You may assume that you have an infinite number of each kind of coin.
The answer is guaranteed to fit into a signed 32-bit integer.
Example 1:
**Input:** amount = 5, coins = [1,2,5]
**Output:** 4
**Explanation:** there are four ways to make up the amount:
5=5
5=2+2+1
5=2+1+1+1
5=1+1+1+1+1
Example 2:
**Input:** amount = 3, coins = [2]
**Output:** 0
**Explanation:** the amount of 3 cannot be made up just with coins of 2.
Example 3:
**Input:** amount = 10, coins = [10]
**Output:** 1
Constraints:
1 <= coins.length <= 300
1 <= coins[i] <= 5000
All the values of
coins
are unique.0 <= amount <= 5000
ac
This is a classic knapsack problem.
dp[i][j] : the number of combinations to make up amount j by using the first i types of coins
State transition:
not using the ith coin, only using the first i-1 coins to make up amount j, then we have dp[i-1][j] ways.
using the ith coin, since we can use unlimited same coin, we need to know how many ways to make up amount j - coins[i-1] by using first i coins(including ith), which is dp[i][j-coins[i-1]]

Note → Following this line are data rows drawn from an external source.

(* Let $R$ be the ring of integers of a nonarchimedean local field of characteristic not $2$ in which $2$ is a prime element. (a) If an $R$-lattice $J$ is isotropic, then $\mathbb{H}\perp J$ primitively represents all binary lattices of the form $2^a\mathbb{H}$ for every integer $a\ge0$. (b) If an $R$-lattice $J$ primitively represents $2^{a+1}\epsilon$ for an integer $a\ge0$ and a unit $\epsilon\in R$, then $\mathbb{H}\perp J$ primitively represents the binary lattices $2^a\mathbb{H}$ and $2^a\mathbb{A}$. In particular, $\mathbb{H}^2$ primitively represents $2^a\mathbb{H}$ and $2^a\mathbb{A}$ for every integer $a\ge 0$. Hence, for every $n\ge1$, $\mathbb{H}^n$ primitively represents all even $R$-lattices of rank $n$.
   Context: An $R$-lattice is a finitely generated $R$-submodule of a quadratic space $(V,B)$ over $F$ with $Q(v)=B(v,v)$, assumed integral ($B(L,L)\subseteq R$) and nondegenerate; it is even if $Q(L)\subseteq 2R$, and isotropic if $Q(v)=0$ for some nonzero $v\in L$. $L$ primitively represents $\alpha\in R$ if $\alpha=Q(v)$ for a primitive vector $v$ (one with $Rv$ a direct summand). A representation is an $R$-linear map preserving $B$, primitive if its image is a direct summand. Fix $\rho\in R^\times$ such that $\Delta=1-4\rho$ is a nonsquare unit. For $\alpha\in R$, $\alpha\mathbb{H}$ and $\alpha\mathbb{A}$ are the binary lattices with Gram matrices $\begin{pmatrix}0&\alpha\\\alpha&0\end{pmatrix}$ and $\begin{pmatrix}2\alpha&\alpha\\\alpha&2\rho\alpha\end{pmatrix}$; $\mathbb{H}=1\mathbb{H}$, $\mathbb{A}=1\mathbb{A}$, and $\mathbb{H}^n$ is the orthogonal sum of $n$ copies of $\mathbb{H}$. *)

theory Defs
  imports "Jordan_Normal_Form.Determinant"
begin

text \<open>The base ring R: ring of integers of a nonarchimedean local field of characteristic
  not 2 in which 2 is a prime element. Characterised intrinsically: a domain in which 2 is a
  nonzero nonunit and every nonzero element is a unit times a power of 2 (a DVR with
  uniformizer 2), with finite residue field R/2R, complete for the 2-adic topology.\<close>
definition dyadic_local_int_ring :: "'a::idom itself \<Rightarrow> bool" where
  "dyadic_local_int_ring _ \<longleftrightarrow>
     (2::'a) \<noteq> 0 \<and> \<not> (2::'a) dvd 1 \<and>
     (\<forall>x::'a. x \<noteq> 0 \<longrightarrow> (\<exists>u k. u dvd 1 \<and> x = u * 2 ^ k)) \<and>
     (\<exists>S::'a set. finite S \<and> (\<forall>x. \<exists>s\<in>S. 2 dvd (x - s))) \<and>
     (\<forall>f::nat \<Rightarrow> 'a. (\<forall>n. 2 ^ n dvd (f (Suc n) - f n)) \<longrightarrow>
        (\<exists>x. \<forall>n. 2 ^ n dvd (x - f n)))"

text \<open>An R-lattice of rank n, given by its Gram matrix w.r.t. a basis (R is a PID, so
  lattices are free): symmetric, integral (entries in R), nondegenerate.\<close>
definition lattice :: "nat \<Rightarrow> 'a::comm_ring_1 mat \<Rightarrow> bool" where
  "lattice n G \<longleftrightarrow> G \<in> carrier_mat n n \<and> transpose_mat G = G \<and> det G \<noteq> 0"

definition Qf :: "'a::comm_ring_1 mat \<Rightarrow> 'a vec \<Rightarrow> 'a" where
  "Qf G v = v \<bullet> (G *\<^sub>v v)"

definition even_lattice :: "nat \<Rightarrow> 'a::comm_ring_1 mat \<Rightarrow> bool" where
  "even_lattice n G \<longleftrightarrow> lattice n G \<and> (\<forall>v\<in>carrier_vec n. (2::'a) dvd Qf G v)"

definition isotropic :: "nat \<Rightarrow> 'a::comm_ring_1 mat \<Rightarrow> bool" where
  "isotropic n G \<longleftrightarrow> (\<exists>v\<in>carrier_vec n. v \<noteq> 0\<^sub>v n \<and> Qf G v = 0)"

definition submod :: "nat \<Rightarrow> 'a::comm_ring_1 vec set \<Rightarrow> bool" where
  "submod n S \<longleftrightarrow> S \<subseteq> carrier_vec n \<and> 0\<^sub>v n \<in> S \<and>
     (\<forall>x\<in>S. \<forall>y\<in>S. x + y \<in> S) \<and> (\<forall>c. \<forall>x\<in>S. c \<cdot>\<^sub>v x \<in> S)"

definition direct_summand :: "nat \<Rightarrow> 'a::comm_ring_1 vec set \<Rightarrow> bool" where
  "direct_summand n S \<longleftrightarrow> submod n S \<and>
     (\<exists>W. submod n W \<and> S \<inter> W = {0\<^sub>v n} \<and>
          (\<forall>x\<in>carrier_vec n. \<exists>s\<in>S. \<exists>w\<in>W. x = s + w))"

definition primitive_vec :: "nat \<Rightarrow> 'a::comm_ring_1 vec \<Rightarrow> bool" where
  "primitive_vec n v \<longleftrightarrow> v \<in> carrier_vec n \<and> v \<noteq> 0\<^sub>v n \<and>
     direct_summand n {c \<cdot>\<^sub>v v | c. True}"

definition prim_represents_elem :: "nat \<Rightarrow> 'a::comm_ring_1 mat \<Rightarrow> 'a \<Rightarrow> bool" where
  "prim_represents_elem n G \<alpha> \<longleftrightarrow> (\<exists>v. primitive_vec n v \<and> Qf G v = \<alpha>)"

text \<open>A representation of the rank-m lattice with Gram matrix A by the rank-n lattice with
  Gram matrix G is an R-linear map R^m \<rightarrow> R^n (an n\<times>m matrix X) preserving B; it is
  primitive if its image is a direct summand.\<close>
definition represents_by :: "nat \<Rightarrow> 'a::comm_ring_1 mat \<Rightarrow> nat \<Rightarrow> 'a mat \<Rightarrow> 'a mat \<Rightarrow> bool" where
  "represents_by n G m A X \<longleftrightarrow> X \<in> carrier_mat n m \<and> transpose_mat X * G * X = A"

definition prim_represents :: "nat \<Rightarrow> 'a::comm_ring_1 mat \<Rightarrow> nat \<Rightarrow> 'a mat \<Rightarrow> bool" where
  "prim_represents n G m A \<longleftrightarrow>
     (\<exists>X. represents_by n G m A X \<and> direct_summand n {X *\<^sub>v u | u. u \<in> carrier_vec m})"

definition orth_sum :: "'a::zero mat \<Rightarrow> 'a mat \<Rightarrow> 'a mat" where
  "orth_sum A B = four_block_mat A (0\<^sub>m (dim_row A) (dim_col B)) (0\<^sub>m (dim_row B) (dim_col A)) B"

definition hypH :: "'a::comm_ring_1 \<Rightarrow> 'a mat" where
  "hypH \<alpha> = mat 2 2 (\<lambda>(i,j). if i = j then 0 else \<alpha>)"

definition anisoA :: "'a::comm_ring_1 \<Rightarrow> 'a \<Rightarrow> 'a mat" where
  "anisoA \<rho> \<alpha> = mat 2 2 (\<lambda>(i,j). if i = 0 \<and> j = 0 then 2 * \<alpha>
                                else if i = 1 \<and> j = 1 then 2 * \<rho> * \<alpha> else \<alpha>)"

fun hypH_pow :: "nat \<Rightarrow> 'a::comm_ring_1 mat" where
  "hypH_pow 0 = 0\<^sub>m 0 0"
| "hypH_pow (Suc n) = orth_sum (hypH 1) (hypH_pow n)"

end

(*
  Write H = R e + R f with B(e, f) = 1.  If J contains v with Q(v) = 2 \<alpha> c and a linear form
  p with p(v) = 1, then e and -c e + \<alpha> f + v span a primitive copy of \<alpha> H inside H \<perp> J.
  Taking c = 0 handles isotropic J, since dividing an isotropic vector by the right power of the
  uniformizer 2 makes it primitive.  For \<alpha> A take e + \<alpha> (1 - \<epsilon>) f + v and r e + \<alpha> q f + t v
  with q = 1 - (1 - \<epsilon>) r - 2 \<epsilon> t: their Gram matrix is that of \<alpha> A when \<rho> = r q + \<epsilon> t^2,
  and they span a direct summand when t - r is a unit.  Such t (a square root of \<rho> / \<epsilon>
  modulo 2) and r (a root of a quadratic with unit linear coefficient, by Hensel's lemma) exist
  because the residue field is finite and R is complete.  Part (c) is part (b) for J = H and
  v = (1, \<alpha>), and part (d) follows by writing an even L as U + U^T with U upper triangular.
*)

theory Submission
  imports Defs
begin

section \<open>The dyadic ring\<close>

lemma
  assumes "dyadic_local_int_ring TYPE('a::idom)"
  shows dyadic_two_nonzero: "(2::'a) \<noteq> 0"
    and dyadic_two_not_unit: "\<not> (2::'a) dvd 1"
    and dyadic_unit_times_two_power: "x \<noteq> 0 \<Longrightarrow> \<exists>u k. u dvd 1 \<and> x = u * (2::'a) ^ k"
    and dyadic_finite_residues: "\<exists>S::'a set. finite S \<and> (\<forall>x. \<exists>s\<in>S. 2 dvd (x - s))"
    and dyadic_complete:
      "(\<And>n. (2::'a) ^ n dvd (f (Suc n) - f n)) \<Longrightarrow> \<exists>x. \<forall>n. 2 ^ n dvd (x - f n)"
  using assms unfolding dyadic_local_int_ring_def by blast+

lemma dyadic_unit_add_two_mult:
  assumes R: "dyadic_local_int_ring TYPE('a::idom)" and u: "(u::'a) dvd 1"
  shows "(u + 2 * x) dvd 1"
proof -
  have u_not_even: "\<not> 2 dvd u"
    using u dyadic_two_not_unit[OF R] dvd_trans by blast
  have "u + 2 * x \<noteq> 0"
  proof
    assume "u + 2 * x = 0"
    then have "u = 2 * (- x)" by (simp add: add_eq_0_iff2)
    with u_not_even show False by simp
  qed
  then obtain v k where v: "v dvd 1" "u + 2 * x = v * 2 ^ k"
    using dyadic_unit_times_two_power[OF R] by blast
  show ?thesis
  proof (cases k)
    case 0
    with v show ?thesis by simp
  next
    case (Suc k')
    then have "u = 2 * (v * 2 ^ k' - x)"
      using v(2) by (simp add: eq_diff_eq[symmetric] right_diff_distrib ac_simps)
    with u_not_even show ?thesis by simp
  qed
qed

lemma dyadic_two_dvd_square:
  assumes R: "dyadic_local_int_ring TYPE('a::idom)" and "(2::'a) dvd z ^ 2"
  shows "2 dvd z"
proof (cases "z = 0")
  case False
  then obtain v k where v: "v dvd 1" "z = v * 2 ^ k"
    using dyadic_unit_times_two_power[OF R] by blast
  show ?thesis
  proof (cases k)
    case 0
    then have "z ^ 2 dvd 1" using v by (simp add: power2_eq_square)
    then show ?thesis using assms(2) dyadic_two_not_unit[OF R] dvd_trans by blast
  qed (use v in simp)
qed simp

lemma dyadic_dvd_all_powers_eq_0:
  assumes R: "dyadic_local_int_ring TYPE('a::idom)" and "\<And>n. (2::'a) ^ n dvd x"
  shows "x = 0"
proof (rule ccontr)
  assume "x \<noteq> 0"
  then obtain v k where v: "v dvd 1" "x = v * 2 ^ k"
    using dyadic_unit_times_two_power[OF R] by blast
  obtain c where "x = 2 ^ Suc k * c" using assms(2) by blast
  then have "2 ^ k * v = 2 ^ k * (2 * c)" using v by (simp add: ac_simps)
  then have "v = 2 * c" using dyadic_two_nonzero[OF R] by simp
  then show False using v(1) dyadic_two_not_unit[OF R] by (metis dvd_mult_left)
qed

text \<open>Squaring is injective on the finite residue field, hence surjective.\<close>
lemma dyadic_square_mod_two:
  assumes R: "dyadic_local_int_ring TYPE('a::idom)"
  shows "\<exists>y. (2::'a) dvd (x - y ^ 2)"
proof -
  define cls :: "'a \<Rightarrow> 'a set" where "cls z = {y. 2 dvd (y - z)}" for z
  have cls_eq: "cls a = cls b \<longleftrightarrow> 2 dvd (a - b)" for a b
  proof
    assume "cls a = cls b"
    moreover have "a \<in> cls a" by (simp add: cls_def)
    ultimately show "2 dvd (a - b)" by (simp add: cls_def)
  next
    assume "2 dvd (a - b)"
    then have "2 dvd (y - a) \<longleftrightarrow> 2 dvd ((y - a) + (a - b))" for y
      by (simp only: dvd_add_left_iff)
    then have "2 dvd (y - a) \<longleftrightarrow> 2 dvd (y - b)" for y by simp
    then show "cls a = cls b" by (simp add: cls_def)
  qed
  have square_cong: "2 dvd (a - b) \<Longrightarrow> 2 dvd (a ^ 2 - b ^ 2)" for a b :: 'a
    by (simp add: power2_eq_square square_diff_square_factored)
  obtain S :: "'a set" where S: "finite S" "\<forall>x. \<exists>s\<in>S. 2 dvd (x - s)"
    using dyadic_finite_residues[OF R] by blast
  have "range cls \<subseteq> cls ` S"
  proof
    fix c assume "c \<in> range cls"
    then obtain z where "c = cls z" by blast
    moreover obtain s where "s \<in> S" "2 dvd (z - s)" using S(2) by blast
    ultimately show "c \<in> cls ` S" by (simp add: cls_eq)
  qed
  then have fin: "finite (range cls)" using S(1) finite_subset by blast
  define sq where "sq c = cls ((SOME z. z \<in> c) ^ 2)" for c
  have sq_cls: "sq (cls a) = cls (a ^ 2)" for a
  proof -
    have "a \<in> cls a" unfolding cls_def by simp
    then have "(SOME z. z \<in> cls a) \<in> cls a" by (rule someI)
    then show ?thesis
      unfolding sq_def using cls_eq square_cong by (simp add: cls_def)
  qed
  have sub: "sq ` range cls \<subseteq> range cls" using sq_cls by auto
  have inj: "inj_on sq (range cls)"
  proof (rule inj_onI)
    fix c d assume "c \<in> range cls" "d \<in> range cls" "sq c = sq d"
    then obtain a b where ab: "c = cls a" "d = cls b" by blast
    with \<open>sq c = sq d\<close> have "cls (a ^ 2) = cls (b ^ 2)" by (simp only: sq_cls)
    then have "2 dvd (a ^ 2 - b ^ 2)" by (simp only: cls_eq)
    have "(a - b) ^ 2 = (a ^ 2 - b ^ 2) - 2 * (b * (a - b))"
      by (simp add: power2_eq_square algebra_simps)
    with \<open>2 dvd (a ^ 2 - b ^ 2)\<close> have "2 dvd (a - b) ^ 2" by simp
    then show "c = d" using ab dyadic_two_dvd_square[OF R] by (simp add: cls_eq)
  qed
  have "cls x \<in> sq ` range cls"
    using endo_inj_surj[OF fin sub inj] by simp
  then obtain y where "cls x = cls (y ^ 2)" using sq_cls by auto
  then show ?thesis unfolding cls_eq by blast
qed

Initialization: dp[i][0] = 1
public int change(int amount, int[] coins) {
int[][] dp = new int[coins.length+1][amount+1];
dp[0][0] = 1;
for (int i = 1; i <= coins.length; i++) {
dp[i][0] = 1;
for (int j = 1; j <= amount; j++) {
dp[i][j] = dp[i-1][j] + (j >= coins[i-1] ? dp[i][j-coins[i-1]] : 0);
}
}
return dp[coins.length][amount];
}
// Now we can see that dp[i][j] only rely on dp[i-1][j] and dp[i][j-coins[i]], then we can optimize the space by only using one-dimension array.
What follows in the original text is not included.